Bunu söyledikten sonra Hashimoto, gün içinde Keyaki Alışveriş Merkezi’nde bir grubun konuşmasına kulak misafiri olduğunu aktardı. Cep telefonunda kayıtlı olan gerçeklere dayanarak, kendi kelimeleriyle açıklamaya ve tamamlamaya başladı.
Sudō ve B sınıfındaki diğer yedi öğrenci tarafından tartışılan bir konu hakkındaydı.
Dinlemeyi bitirdiğinde, hiç ilgi göstermeyen Kamuro’nun tavrı değişti.
“Doğru mu? İlginç bir hikâye, değil mi?”
“Bir kısmını bir dereceye kadar biliyordum.”

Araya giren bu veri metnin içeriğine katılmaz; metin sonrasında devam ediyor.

lemma adj_scaleR: "adj (scaleR r x::'a::cstar_algebra) = scaleR r (adj x)"
  by (simp add: scaleR_scaleC adj_scaleC)

lemma adj_power: "adj (x ^ k::'a::cstar_algebra) = adj x ^ k"
  by (induction k) (simp_all add: adj_mult power_Suc2 power_commutes)

lemma norm_adj: "norm (adj x) = norm (x::'a::cstar_algebra)"
proof -
  have le: "norm y \<le> norm (adj y)" for y :: 'a
  proof (cases "y = 0")
    case False
    have "norm y * norm y = norm (adj y * y)"
      by (simp add: cstar_identity power2_eq_square)
    also have "\<dots> \<le> norm (adj y) * norm y"
      by (rule norm_mult_ineq)
    finally show ?thesis
      using False by simp
  qed simp
  show ?thesis
    using le[of x] le[of "adj x"] by (simp add: adj_adj)
qed

lemma bounded_linear_adj: "bounded_linear (adj :: 'a::cstar_algebra \<Rightarrow> 'a)"
  by (rule bounded_linear_intro[where K=1]) (simp_all add: adj_add adj_scaleR norm_adj)

lemma norm_square_diff_le:
  fixes x y :: "'a::real_normed_algebra"
  assumes "norm x \<le> 1/2" and "norm y \<le> 1/2"
  shows "norm (x * x - y * y) \<le> norm (x - y)"
proof -
  have "x * x - y * y = x * (x - y) + (x - y) * y"
    by (simp add: algebra_simps)
  also have "norm \<dots> \<le> norm (x * (x - y)) + norm ((x - y) * y)"
    by (rule norm_triangle_ineq)
  also have "\<dots> \<le> norm x * norm (x - y) + norm (x - y) * norm y"
    by (intro add_mono norm_mult_ineq)
  also have "\<dots> \<le> 1/2 * norm (x - y) + norm (x - y) * (1/2)"
    using assms by (intro add_mono mult_mono) auto
  finally show ?thesis
    by simp
qed

text \<open>\<open>g\<close> is the fixed point of the contraction \<open>g \<mapsto> (g\<^sup>2 + h) / 2\<close> on the self-adjoint
  part of the ball of radius \<open>1/2\<close>; then \<open>1 - g\<close> is a square root of \<open>1 - h\<close>.\<close>
lemma selfadjoint_quadratic_solution:
  fixes h :: "'a::cstar_algebra"
  assumes sa: "adj h = h" and nh: "norm h \<le> 1/4"
  shows "\<exists>g. adj g = g \<and> g * g = g + g - h"
proof -
  define S where "S = {g::'a. norm g \<le> 1/2} \<inter> {g. adj g = g}"
  define T where "T g = scaleR (1/2) (g * g + h)" for g :: 'a
  have "closed S"
    unfolding S_def
    by (intro closed_Int closed_Collect_le closed_Collect_eq continuous_on_norm_id continuous_on_const
        continuous_on_id linear_continuous_on bounded_linear_adj)
  moreover have "0 \<in> S"
    unfolding S_def by simp
  moreover have "T ` S \<subseteq> S"
  proof
    fix y assume "y \<in> T ` S"
    then obtain g where g: "g \<in> S" "y = T g"
      by blast
    have "norm (g * g + h) \<le> norm (g * g) + norm h"
      by (rule norm_triangle_ineq)
    also have "norm (g * g) \<le> norm g * norm g"
      by (rule norm_mult_ineq)
    also have "norm g * norm g \<le> 1/2 * (1/2)"
      using g(1) unfolding S_def by (intro mult_mono) auto
    finally have "norm y \<le> 1/2"
      using nh unfolding g(2) T_def by simp
    moreover have "adj y = y"
      using g unfolding S_def T_def by (simp add: adj_scaleR adj_add adj_mult sa)
    ultimately show "y \<in> S"
      unfolding S_def by simp
  qed
  moreover have "dist (T x) (T y) \<le> 1/2 * dist x y" if "x \<in> S" "y \<in> S" for x y
  proof -
    have "T x - T y = scaleR (1/2) (x * x - y * y)"
      unfolding T_def by (simp add: algebra_simps scaleR_diff_right)
    then show ?thesis
      using norm_square_diff_le[of x y] that unfolding S_def dist_norm by simp
  qed
  ultimately have "\<exists>!g\<in>S. T g = g"
    by (intro Banach_fix[where c="1/2"]) (auto simp: complete_eq_closed)
  then obtain g where g: "g \<in> S" "T g = g"
    by blast
  have "g * g + h = scaleR 2 (T g)"
    unfolding T_def by simp
  with g(2) have "g * g = g + g - h"
    by (simp add: scaleR_2 algebra_simps)
  moreover have "adj g = g"
    using g(1) unfolding S_def by simp
  ultimately show ?thesis
    by blast
qed

lemma positive_one_minus_selfadjoint:
  fixes h :: "'a::cstar_algebra"
  assumes "adj h = h" and "norm h \<le> 1/4"
  shows "positive (1 - h)"
proof -
  obtain g where "adj g = g" and "g * g = g + g - h"
    using selfadjoint_quadratic_solution[OF assms] by blast
  then have "adj (1 - g) * (1 - g) = 1 - h"
    by (simp add: adj_diff algebra_simps)
  then show ?thesis
    unfolding positive_def by (metis (no_types))
qed

lemma state_linear:
  assumes "is_state \<phi>"
  shows "\<phi> (x + y) = \<phi> x + \<phi> y" and "\<phi> (scaleC c x) = c * \<phi> x" and "\<phi> 0 = 0"
    and "\<phi> (x - y) = \<phi> x - \<phi> y" and "\<phi> (scaleR r x) = of_real r * \<phi> x" and "\<phi> 1 = 1"
proof -
  have l: "clinear_functional \<phi>"
    using assms unfolding is_state_def by blast
  show add: "\<phi> (x + y) = \<phi> x + \<phi> y" for x y
    using l unfolding clinear_functional_def by blast
  show scale: "\<phi> (scaleC c x) = c * \<phi> x" for c x
    using l unfolding clinear_functional_def by blast
  show "\<phi> 0 = 0"
    using scale[of 0 0] by simp
  show "\<phi> (x - y) = \<phi> x - \<phi> y"
    using scale[of "-1" y] add[of x "scaleC (-1) y"] by (simp add: scaleC_minus_left scaleC_one)
  show "\<phi> (scaleR r x) = of_real r * \<phi> x"
    using scale by (simp add: scaleR_scaleC)
  show "\<phi> 1 = 1"
    using assms unfolding is_state_def by blast
qed

lemma state_positive: "is_state \<phi> \<Longrightarrow> positive x \<Longrightarrow> 0 \<le> Re (\<phi> x)"
  unfolding is_state_def positive_def by blast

“Horikita, B Sınıfı’nın çekirdeği değil sonuçta. Issız adada gösterilenler, bu noktaya kadar yaşanan garip huzursuzluk ve akış ve oybirliği özel sınavının ardında. Düşündüğümden çok daha radikal bir şeyler oluyor. Arkadaş olduğunuz bir gruptan bir kızı koparmak kolay olamaz, değil mi? Bu onun son derece acımasız olabileceği anlamına geliyordu. Biraz sade olsa da kız da sevimliydi.”
“Görünüşünün bununla ne ilgisi var?”
“Kesinlikle önemli. Sakura çirkin olsaydı, onu atmanın büyük bir mesele olmayacağını düşünebilirdiniz. Görünüşü sandığınızdan daha önemli.”

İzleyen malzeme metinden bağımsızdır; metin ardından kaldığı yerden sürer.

(* Let $\mathcal F_1$ and $\mathcal F_2$ be completely positive maps on $M_D$ with spectral radius $1$, where $\mathcal F_1$ is trace-preserving with $\tau(\mathcal F_1)<1$. Let $\rho_1$ be the unique density matrix fixed by $\mathcal F_1$, and let $\mathcal Z_1$ be the fundamental channel of $\mathcal F_1$. Let $\xi$ satisfy $\mathcal F_2^\dagger(\xi)=\xi$ and $\mathrm{Tr}(\rho_1\xi)=1$. If $\|\mathcal Z_1\|_{1\to1}\|\mathcal F_1-\mathcal F_2\|_{1\to1}<1$, then $$\|\mathbb 1-\xi\|_\infty\le\frac{\|\mathcal Z_1\|_{1\to1}\|\mathcal F_1-\mathcal F_2\|_{1\to1}}{1-\|\mathcal Z_1\|_{1\to1}\|\mathcal F_1-\mathcal F_2\|_{1\to1}}.$$
   Context: Notation: $M_D$ is the space of complex $D\times D$ matrices, $\|\cdot\|_p$ is the Schatten $p$-norm, and $\|\mathcal F\|_{1\to1}:=\sup_{\sigma\ne0}\|\mathcal F(\sigma)\|_1/\|\sigma\|_1$ for a linear map $\mathcal F$ on $M_D$. The dual map $\mathcal F^\dagger$ is defined by $\mathrm{Tr}(A\,\mathcal F(B))=\mathrm{Tr}(\mathcal F^\dagger(A)B)$. The ergodicity coefficient is $\tau(\mathcal F):=\sup\{\|\mathcal F(\sigma)\|_1/\|\sigma\|_1:\ 0\ne\sigma,\ \mathrm{Tr}\,\sigma=0\}$. Fundamental channel: for a completely positive trace-preserving map $\mathcal F$ with $\tau(\mathcal F)<1$ and unique fixed density matrix $\rho$, let $\mathcal F^\infty(X):=\mathrm{Tr}(X)\,\rho$, which equals $\lim_{k\to\infty}\mathcal F^k$. The fundamental channel of $\mathcal F$ is $\mathcal Z:=(\mathrm{id}-\mathcal F+\mathcal F^\infty)^{-1}$. *)

theory Defs
  imports "HOL-Analysis.Analysis"
begin

text \<open>M_D is modelled as the type complex^'n^'n with D = CARD('n).\<close>

type_synonym 'n cmat = "complex^'n^'n"

definition cscale :: "complex \<Rightarrow> 'n::finite cmat \<Rightarrow> 'n cmat" where
  "cscale c A = (\<chi> i j. c * A$i$j)"

definition adj :: "'n::finite cmat \<Rightarrow> 'n cmat" where
  "adj A = (\<chi> i j. cnj (A$j$i))"

definition clinear_map :: "('n::finite cmat \<Rightarrow> 'n cmat) \<Rightarrow> bool" where
  "clinear_map F \<longleftrightarrow> (\<forall>A B. F (A + B) = F A + F B) \<and> (\<forall>c A. F (cscale c A) = cscale c (F A))"

definition psd :: "'n::finite cmat \<Rightarrow> bool" where
  "psd A \<longleftrightarrow> (\<forall>v::complex^'n. let q = (\<Sum>i\<in>UNIV. cnj (v$i) * (A *v v)$i) in Im q = 0 \<and> Re q \<ge> 0)"

definition density :: "'n::finite cmat \<Rightarrow> bool" where
  "density A \<longleftrightarrow> psd A \<and> trace A = 1"

text \<open>positivity of a block matrix (X_ij)_{i,j<k} in M_k(M_D) = M_k \<otimes> M_D\<close>
definition block_psd :: "nat \<Rightarrow> (nat \<Rightarrow> nat \<Rightarrow> 'n::finite cmat) \<Rightarrow> bool" where
  "block_psd k X \<longleftrightarrow> (\<forall>v :: nat \<Rightarrow> complex^'n.
     let q = (\<Sum>i<k. \<Sum>j<k. \<Sum>a\<in>UNIV. cnj (v i $ a) * (X i j *v v j) $ a) in Im q = 0 \<and> Re q \<ge> 0)"

definition completely_positive :: "('n::finite cmat \<Rightarrow> 'n cmat) \<Rightarrow> bool" where
  "completely_positive F \<longleftrightarrow> clinear_map F \<and>
     (\<forall>k X. block_psd k X \<longrightarrow> block_psd k (\<lambda>i j. F (X i j)))"

definition trace_preserving :: "('n::finite cmat \<Rightarrow> 'n cmat) \<Rightarrow> bool" where
  "trace_preserving F \<longleftrightarrow> (\<forall>X. trace (F X) = trace X)"

definition spectral_radius_map :: "('n::finite cmat \<Rightarrow> 'n cmat) \<Rightarrow> real" where
  "spectral_radius_map F = Sup {cmod c | c. \<exists>X. X \<noteq> 0 \<and> F X = cscale c X}"

definition trace_norm :: "'n::finite cmat \<Rightarrow> real" where
  "trace_norm A = Re (trace (THE P. psd P \<and> P ** P = adj A ** A))"

text \<open>Schatten infinity-norm: largest singular value = operator norm\<close>
definition schatten_inf :: "'n::finite cmat \<Rightarrow> real" where
  "schatten_inf A = onorm (\<lambda>x::complex^'n. A *v x)"

definition norm_11 :: "('n::finite cmat \<Rightarrow> 'n cmat) \<Rightarrow> real" where
  "norm_11 F = Sup {trace_norm (F s) / trace_norm s | s. s \<noteq> 0}"

definition ergodicity_coeff :: "('n::finite cmat \<Rightarrow> 'n cmat) \<Rightarrow> real" where
  "ergodicity_coeff F = Sup {trace_norm (F s) / trace_norm s | s. s \<noteq> 0 \<and> trace s = 0}"

definition dual_map :: "('n::finite cmat \<Rightarrow> 'n cmat) \<Rightarrow> 'n cmat \<Rightarrow> 'n cmat" where
  "dual_map F A = (THE B. \<forall>X. trace (A ** F X) = trace (B ** X))"

text \<open>F^\<infinity>(X) = Tr(X) \<rho>, \<rho> the unique fixed density matrix\<close>
definition limit_channel :: "'n::finite cmat \<Rightarrow> 'n cmat \<Rightarrow> 'n cmat" where
  "limit_channel \<rho> X = cscale (trace X) \<rho>"

definition fundamental_channel :: "('n::finite cmat \<Rightarrow> 'n cmat) \<Rightarrow> 'n cmat \<Rightarrow> 'n cmat \<Rightarrow> 'n cmat" where
  "fundamental_channel F \<rho> = inv (\<lambda>X. X - F X + limit_channel \<rho> X)"

end

theory Submission
  imports Defs
begin

text \<open>
  The fundamental channel Z inverts the generator X \<mapsto> X - F1 X + Tr(X) \<rho>1, which is injective
  because an element of its kernel is a traceless fixed point of F1, and \<tau>(F1) < 1 rules those out.
  Writing R = W - F1 W + Tr(W) \<rho>1 with W = Z R, the facts that the dual of F2 fixes \<xi>, that F1 is
  trace preserving and that Tr(\<rho>1 \<xi>) = 1 give Tr((1 - \<xi>) R) = Tr(\<xi> (F1 - F2)(Z R)) for every R.
  H\<ouml>lder's inequality |Tr(M Y)| \<le> \<parallel>M\<parallel>_\<infinity> \<parallel>Y\<parallel>_1 bounds this by \<parallel>\<xi>\<parallel>_\<infinity> a b \<parallel>R\<parallel>_1 with
  a = \<parallel>Z\<parallel>_{1\<rightarrow>1}, b = \<parallel>F1 - F2\<parallel>_{1\<rightarrow>1}, and \<parallel>\<xi>\<parallel>_\<infinity> \<le> 1 + s for s = \<parallel>1 - \<xi>\<parallel>_\<infinity>. Testing with
  rank-one R turns this into s \<le> (1 + s) a b, which rearranges to the claim.

  The trace norm \<parallel>Y\<parallel>_1 is Tr of the positive square root of Y^* Y; evaluating it in an
  orthonormal eigenbasis of Y^* Y (spectral theorem for Hermitian matrices, proved by maximising
  the Rayleigh quotient) and using uniqueness of positive square roots gives
  \<parallel>Y\<parallel>_1 = \<Sum>_e \<parallel>Y e\<parallel>, from which H\<ouml>lder's inequality follows.
\<close>

section \<open>Hermitian inner product and positive semidefinite matrices\<close>

definition cinner :: "complex^'n::finite \<Rightarrow> complex^'n \<Rightarrow> complex" where
  "cinner u v = (\<Sum>i\<in>UNIV. cnj (u$i) * v$i)"

lemma cinner_add_left: "cinner (u + v) w = cinner u w + cinner v w"
  by (simp add: cinner_def distrib_right sum.distrib)

lemma cinner_add_right: "cinner u (v + w) = cinner u v + cinner u w"
  by (simp add: cinner_def distrib_left sum.distrib)

lemma cinner_diff_right: "cinner u (v - w) = cinner u v - cinner u w"
  by (simp add: cinner_def right_diff_distrib sum_subtractf)

lemma cinner_smult_left: "cinner (c *s u) v = cnj c * cinner u v"
  by (simp add: cinner_def sum_distrib_left algebra_simps)

lemma cinner_smult_right: "cinner u (c *s v) = c * cinner u v"
  by (simp add: cinner_def sum_distrib_left algebra_simps)

lemma cinner_scaleR_left: "cinner ((r::real) *\<^sub>R u) v = of_real r * cinner u v"
  by (simp add: cinner_def sum_distrib_left algebra_simps scaleR_conv_of_real[where 'a=complex])

lemma cinner_scaleR_right: "cinner u ((r::real) *\<^sub>R v) = of_real r * cinner u v"
  by (simp add: cinner_def sum_distrib_left algebra_simps scaleR_conv_of_real[where 'a=complex])

lemma cinner_zero_right [simp]: "cinner u 0 = 0"
  by (simp add: cinner_def)

lemma cinner_sum_right: "finite K \<Longrightarrow> cinner u (\<Sum>k\<in>K. f k) = (\<Sum>k\<in>K. cinner u (f k))"
  by (induct K rule: finite_induct) (auto simp: cinner_add_right)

Hashimoto ısrar etti ama Kamuro aynı fikirde değildi. Bununla birlikte, ifadesinin ilk kısmına karşı biraz anlayış gösterdi.
“Ayanokōji, birine ne kadar yakın olursa olsun, yalnızca çıkarlarına dayalı acımasız kararlar verebilir.”
“Bu doğru. Ve en azından oybirliği özel sınavı sırasında, Ayanokōji’nin sınıf içindeki yeri hiç de yüksek değildi. Böyle birinin sınıfı kontrol etmesi ve yönlendirmesi son derece zor.”
Hashimoto, yanlışlıkla silinmemesi için kaydı cep telefonuna kilitleyip kaydettiğinden emin oldu.
“Bu arada, sabahtan beri merak ettiğim bir şey var.”
“Neymiş o?”
“Bu kadar önemli bir konuşmayı nasıl dinleyebildin?”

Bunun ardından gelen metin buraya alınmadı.